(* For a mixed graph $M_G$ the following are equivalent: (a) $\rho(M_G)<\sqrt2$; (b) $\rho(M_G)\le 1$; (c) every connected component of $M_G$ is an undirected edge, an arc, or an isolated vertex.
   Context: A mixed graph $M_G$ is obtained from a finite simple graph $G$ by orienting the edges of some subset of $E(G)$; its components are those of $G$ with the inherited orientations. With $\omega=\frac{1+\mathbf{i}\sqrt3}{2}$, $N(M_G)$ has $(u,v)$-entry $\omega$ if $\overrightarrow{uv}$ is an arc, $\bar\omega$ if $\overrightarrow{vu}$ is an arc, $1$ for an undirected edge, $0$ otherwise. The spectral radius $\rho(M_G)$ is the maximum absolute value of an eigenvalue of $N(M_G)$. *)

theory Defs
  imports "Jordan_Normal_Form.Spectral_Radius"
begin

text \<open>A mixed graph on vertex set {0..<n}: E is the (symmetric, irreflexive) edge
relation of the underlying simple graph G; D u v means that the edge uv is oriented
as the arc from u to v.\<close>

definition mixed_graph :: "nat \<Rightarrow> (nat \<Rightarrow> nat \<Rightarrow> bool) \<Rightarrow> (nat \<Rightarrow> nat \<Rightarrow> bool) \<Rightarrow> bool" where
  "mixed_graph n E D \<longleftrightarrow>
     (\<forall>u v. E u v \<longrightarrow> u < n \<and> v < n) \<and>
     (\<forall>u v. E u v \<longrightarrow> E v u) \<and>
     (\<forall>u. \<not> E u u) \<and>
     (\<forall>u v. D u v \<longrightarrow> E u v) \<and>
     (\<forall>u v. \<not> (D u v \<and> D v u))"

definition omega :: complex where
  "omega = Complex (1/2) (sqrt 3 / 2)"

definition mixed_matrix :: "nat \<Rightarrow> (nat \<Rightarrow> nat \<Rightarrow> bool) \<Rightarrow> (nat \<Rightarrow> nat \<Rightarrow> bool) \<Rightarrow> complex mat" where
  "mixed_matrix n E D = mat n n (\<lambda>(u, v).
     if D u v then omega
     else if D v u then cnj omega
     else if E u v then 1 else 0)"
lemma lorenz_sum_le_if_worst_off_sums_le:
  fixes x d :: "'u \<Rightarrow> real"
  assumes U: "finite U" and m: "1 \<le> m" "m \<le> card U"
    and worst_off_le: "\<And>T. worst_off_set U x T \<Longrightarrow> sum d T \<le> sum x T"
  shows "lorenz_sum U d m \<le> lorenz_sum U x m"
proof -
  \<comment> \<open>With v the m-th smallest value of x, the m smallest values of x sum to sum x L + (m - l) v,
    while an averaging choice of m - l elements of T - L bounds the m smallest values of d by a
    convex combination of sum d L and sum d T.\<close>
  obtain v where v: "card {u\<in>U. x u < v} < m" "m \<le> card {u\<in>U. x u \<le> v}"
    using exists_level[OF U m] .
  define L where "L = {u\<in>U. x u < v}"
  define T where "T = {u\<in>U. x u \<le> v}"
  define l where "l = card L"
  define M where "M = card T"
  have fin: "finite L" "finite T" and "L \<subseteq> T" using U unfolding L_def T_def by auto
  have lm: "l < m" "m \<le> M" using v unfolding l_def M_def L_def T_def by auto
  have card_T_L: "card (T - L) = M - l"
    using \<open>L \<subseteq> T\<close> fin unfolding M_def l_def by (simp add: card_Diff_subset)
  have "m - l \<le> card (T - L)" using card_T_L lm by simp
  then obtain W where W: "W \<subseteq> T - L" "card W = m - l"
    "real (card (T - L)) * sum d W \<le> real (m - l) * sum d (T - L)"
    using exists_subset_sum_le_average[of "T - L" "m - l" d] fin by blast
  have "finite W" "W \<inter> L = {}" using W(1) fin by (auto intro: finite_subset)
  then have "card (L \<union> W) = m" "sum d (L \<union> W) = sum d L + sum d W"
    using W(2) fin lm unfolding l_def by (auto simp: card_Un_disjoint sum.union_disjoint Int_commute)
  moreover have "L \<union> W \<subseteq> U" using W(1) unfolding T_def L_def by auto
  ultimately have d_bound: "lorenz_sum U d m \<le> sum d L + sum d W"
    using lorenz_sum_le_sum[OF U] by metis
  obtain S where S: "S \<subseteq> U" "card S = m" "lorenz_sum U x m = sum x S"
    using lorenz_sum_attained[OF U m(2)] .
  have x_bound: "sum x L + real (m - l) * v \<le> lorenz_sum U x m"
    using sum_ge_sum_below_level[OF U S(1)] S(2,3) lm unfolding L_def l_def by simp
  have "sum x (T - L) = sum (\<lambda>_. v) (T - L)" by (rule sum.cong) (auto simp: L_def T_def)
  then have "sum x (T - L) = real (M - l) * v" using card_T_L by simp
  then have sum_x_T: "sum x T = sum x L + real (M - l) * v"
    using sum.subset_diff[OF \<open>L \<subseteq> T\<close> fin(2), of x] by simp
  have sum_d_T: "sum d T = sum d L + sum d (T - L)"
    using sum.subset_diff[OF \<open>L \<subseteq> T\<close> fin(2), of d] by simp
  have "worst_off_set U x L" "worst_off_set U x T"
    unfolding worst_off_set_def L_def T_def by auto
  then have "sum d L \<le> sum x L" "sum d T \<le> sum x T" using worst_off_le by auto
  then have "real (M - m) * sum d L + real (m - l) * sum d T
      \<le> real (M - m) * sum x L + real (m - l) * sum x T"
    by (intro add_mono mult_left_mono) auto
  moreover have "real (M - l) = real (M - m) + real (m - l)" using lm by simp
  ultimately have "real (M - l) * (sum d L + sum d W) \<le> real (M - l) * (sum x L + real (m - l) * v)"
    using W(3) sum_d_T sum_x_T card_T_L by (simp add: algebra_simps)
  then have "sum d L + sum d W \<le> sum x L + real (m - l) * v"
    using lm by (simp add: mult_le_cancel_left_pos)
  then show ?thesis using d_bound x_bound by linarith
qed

•••

### WHAT IS BEING ASKED
Reproduce the material above, keeping every line intact.

### EXPECTED OUTPUT
(* For a mixed graph $M_G$ the following are equivalent: (a) $\rho(M_G)<\sqrt2$; (b) $\rho(M_G)\le 1$; (c) every connected component of $M_G$ is an undirected edge, an arc, or an isolated vertex.
   Context: A mixed graph $M_G$ is obtained from a finite simple graph $G$ by orienting the edges of some subset of $E(G)$; its components are those of $G$ with the inherited orientations. With $\omega=\frac{1+\mathbf{i}\sqrt3}{2}$, $N(M_G)$ has $(u,v)$-entry $\omega$ if $\overrightarrow{uv}$ is an arc, $\bar\omega$ if $\overrightarrow{vu}$ is an arc, $1$ for an undirected edge, $0$ otherwise. The spectral radius $\rho(M_G)$ is the maximum absolute value of an eigenvalue of $N(M_G)$. *)

theory Defs
  imports "Jordan_Normal_Form.Spectral_Radius"
begin

text \<open>A mixed graph on vertex set {0..<n}: E is the (symmetric, irreflexive) edge
relation of the underlying simple graph G; D u v means that the edge uv is oriented
as the arc from u to v.\<close>

definition mixed_graph :: "nat \<Rightarrow> (nat \<Rightarrow> nat \<Rightarrow> bool) \<Rightarrow> (nat \<Rightarrow> nat \<Rightarrow> bool) \<Rightarrow> bool" where
  "mixed_graph n E D \<longleftrightarrow>
     (\<forall>u v. E u v \<longrightarrow> u < n \<and> v < n) \<and>
     (\<forall>u v. E u v \<longrightarrow> E v u) \<and>
     (\<forall>u. \<not> E u u) \<and>
     (\<forall>u v. D u v \<longrightarrow> E u v) \<and>
     (\<forall>u v. \<not> (D u v \<and> D v u))"

definition omega :: complex where
  "omega = Complex (1/2) (sqrt 3 / 2)"

definition mixed_matrix :: "nat \<Rightarrow> (nat \<Rightarrow> nat \<Rightarrow> bool) \<Rightarrow> (nat \<Rightarrow> nat \<Rightarrow> bool) \<Rightarrow> complex mat" where
  "mixed_matrix n E D = mat n n (\<lambda>(u, v).
     if D u v then omega
     else if D v u then cnj omega
     else if E u v then 1 else 0)"
lemma lorenz_sum_le_if_worst_off_sums_le:
  fixes x d :: "'u \<Rightarrow> real"
  assumes U: "finite U" and m: "1 \<le> m" "m \<le> card U"
    and worst_off_le: "\<And>T. worst_off_set U x T \<Longrightarrow> sum d T \<le> sum x T"
  shows "lorenz_sum U d m \<le> lorenz_sum U x m"
proof -
  \<comment> \<open>With v the m-th smallest value of x, the m smallest values of x sum to sum x L + (m - l) v,
    while an averaging choice of m - l elements of T - L bounds the m smallest values of d by a
    convex combination of sum d L and sum d T.\<close>
  obtain v where v: "card {u\<in>U. x u < v} < m" "m \<le> card {u\<in>U. x u \<le> v}"
    using exists_level[OF U m] .
  define L where "L = {u\<in>U. x u < v}"
  define T where "T = {u\<in>U. x u \<le> v}"
  define l where "l = card L"
  define M where "M = card T"
  have fin: "finite L" "finite T" and "L \<subseteq> T" using U unfolding L_def T_def by auto
  have lm: "l < m" "m \<le> M" using v unfolding l_def M_def L_def T_def by auto
  have card_T_L: "card (T - L) = M - l"
    using \<open>L \<subseteq> T\<close> fin unfolding M_def l_def by (simp add: card_Diff_subset)
  have "m - l \<le> card (T - L)" using card_T_L lm by simp
  then obtain W where W: "W \<subseteq> T - L" "card W = m - l"
    "real (card (T - L)) * sum d W \<le> real (m - l) * sum d (T - L)"
    using exists_subset_sum_le_average[of "T - L" "m - l" d] fin by blast
  have "finite W" "W \<inter> L = {}" using W(1) fin by (auto intro: finite_subset)
  then have "card (L \<union> W) = m" "sum d (L \<union> W) = sum d L + sum d W"
    using W(2) fin lm unfolding l_def by (auto simp: card_Un_disjoint sum.union_disjoint Int_commute)
  moreover have "L \<union> W \<subseteq> U" using W(1) unfolding T_def L_def by auto
  ultimately have d_bound: "lorenz_sum U d m \<le> sum d L + sum d W"
    using lorenz_sum_le_sum[OF U] by metis
  obtain S where S: "S \<subseteq> U" "card S = m" "lorenz_sum U x m = sum x S"
    using lorenz_sum_attained[OF U m(2)] .
  have x_bound: "sum x L + real (m - l) * v \<le> lorenz_sum U x m"
    using sum_ge_sum_below_level[OF U S(1)] S(2,3) lm unfolding L_def l_def by simp
  have "sum x (T - L) = sum (\<lambda>_. v) (T - L)" by (rule sum.cong) (auto simp: L_def T_def)
  then have "sum x (T - L) = real (M - l) * v" using card_T_L by simp
  then have sum_x_T: "sum x T = sum x L + real (M - l) * v"
    using sum.subset_diff[OF \<open>L \<subseteq> T\<close> fin(2), of x] by simp
  have sum_d_T: "sum d T = sum d L + sum d (T - L)"
    using sum.subset_diff[OF \<open>L \<subseteq> T\<close> fin(2), of d] by simp
  have "worst_off_set U x L" "worst_off_set U x T"
    unfolding worst_off_set_def L_def T_def by auto
  then have "sum d L \<le> sum x L" "sum d T \<le> sum x T" using worst_off_le by auto
  then have "real (M - m) * sum d L + real (m - l) * sum d T
      \<le> real (M - m) * sum x L + real (m - l) * sum x T"
    by (intro add_mono mult_left_mono) auto
  moreover have "real (M - l) = real (M - m) + real (m - l)" using lm by simp
  ultimately have "real (M - l) * (sum d L + sum d W) \<le> real (M - l) * (sum x L + real (m - l) * v)"
    using W(3) sum_d_T sum_x_T card_T_L by (simp add: algebra_simps)
  then have "sum d L + sum d W \<le> sum x L + real (m - l) * v"
    using lm by (simp add: mult_le_cancel_left_pos)
  then show ?thesis using d_bound x_bound by linarith
qed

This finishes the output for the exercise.